Exercise objective
Below are entries. Reproduce exactly the lines between the line holding "u \<in> Lev" and the line holding "obtain S a where", inclusive, and only those.

* * *

theorem mainTheorem14:
  fixes M :: "'a measure" and d t :: nat
    and G :: "(pt \<times> pt) option \<Rightarrow> 'a \<Rightarrow> real"
    and X :: "pt \<Rightarrow> 'a \<Rightarrow> real"
    and c :: "pt \<Rightarrow> real"
  assumes "prob_space M"
    and indep: "prob_space.indep_vars M (\<lambda>_. borel) G (noise_idx d)"
    and gauss: "\<And>i. i \<in> noise_idx d \<Longrightarrow> distributed M lborel (G i) std_normal_density"
    and X0: "\<And>\<omega>. \<omega> \<in> space M \<Longrightarrow> X (\<lambda>_. 0) \<omega> = G None \<omega>"
    and Xrec: "\<And>v \<omega>. v \<in> Pset d \<Longrightarrow> v \<noteq> (\<lambda>_. 0) \<Longrightarrow> \<omega> \<in> space M \<Longrightarrow>
        X v \<omega> = (1 / real (card (preds d v))) *
                  (\<Sum>u\<in>preds d v. X u \<omega> + G (Some (u, v)) \<omega>)"
    and c_nonneg: "\<And>u. u \<in> Lev d t \<Longrightarrow> c u \<ge> 0"
    and c_sum: "(\<Sum>u\<in>Lev d t. c u) = 1"
  shows "prob_space.variance M (\<lambda>\<omega>. \<Sum>u\<in>Lev d t. c u * X u \<omega>)
           \<ge> 1 / real (d + 1) * (\<Sum>\<^sub>\<infinity>w\<in>Pset d. (visit_prob d t c w)\<^sup>2)"
proof -
  interpret broadcast_recursion M d X G
    using X0 Xrec by unfold_locales
  obtain S a where S: "finite S" "S \<subseteq> noise_idx d"
    and expand: "\<forall>\<omega>\<in>space M. (\<Sum>u\<in>Lev d t. c u * X u \<omega>) = (\<Sum>i\<in>S. a i * G i \<omega>)"
    and energy: "visit_energy d t c \<le> real (d + 1) * (\<Sum>i\<in>S. (a i)\<^sup>2)"
    using lincomb_Lev_noise_expansion[of t c] by blast
  have "prob_space.variance M (\<lambda>\<omega>. \<Sum>u\<in>Lev d t. c u * X u \<omega>) = (\<Sum>i\<in>S. (a i)\<^sup>2)"
    using expand by (intro variance_lincomb_indep_std_normal[OF \<open>prob_space M\<close> indep gauss S]) auto
  with energy show ?thesis
    by (simp add: infsum_visit_prob_sq[OF c_nonneg c_sum] field_simps)
qed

* * *

Solution
    and c_nonneg: "\<And>u. u \<in> Lev d t \<Longrightarrow> c u \<ge> 0"
    and c_sum: "(\<Sum>u\<in>Lev d t. c u) = 1"
  shows "prob_space.variance M (\<lambda>\<omega>. \<Sum>u\<in>Lev d t. c u * X u \<omega>)
           \<ge> 1 / real (d + 1) * (\<Sum>\<^sub>\<infinity>w\<in>Pset d. (visit_prob d t c w)\<^sup>2)"
proof -
  interpret broadcast_recursion M d X G
    using X0 Xrec by unfold_locales
  obtain S a where S: "finite S" "S \<subseteq> noise_idx d"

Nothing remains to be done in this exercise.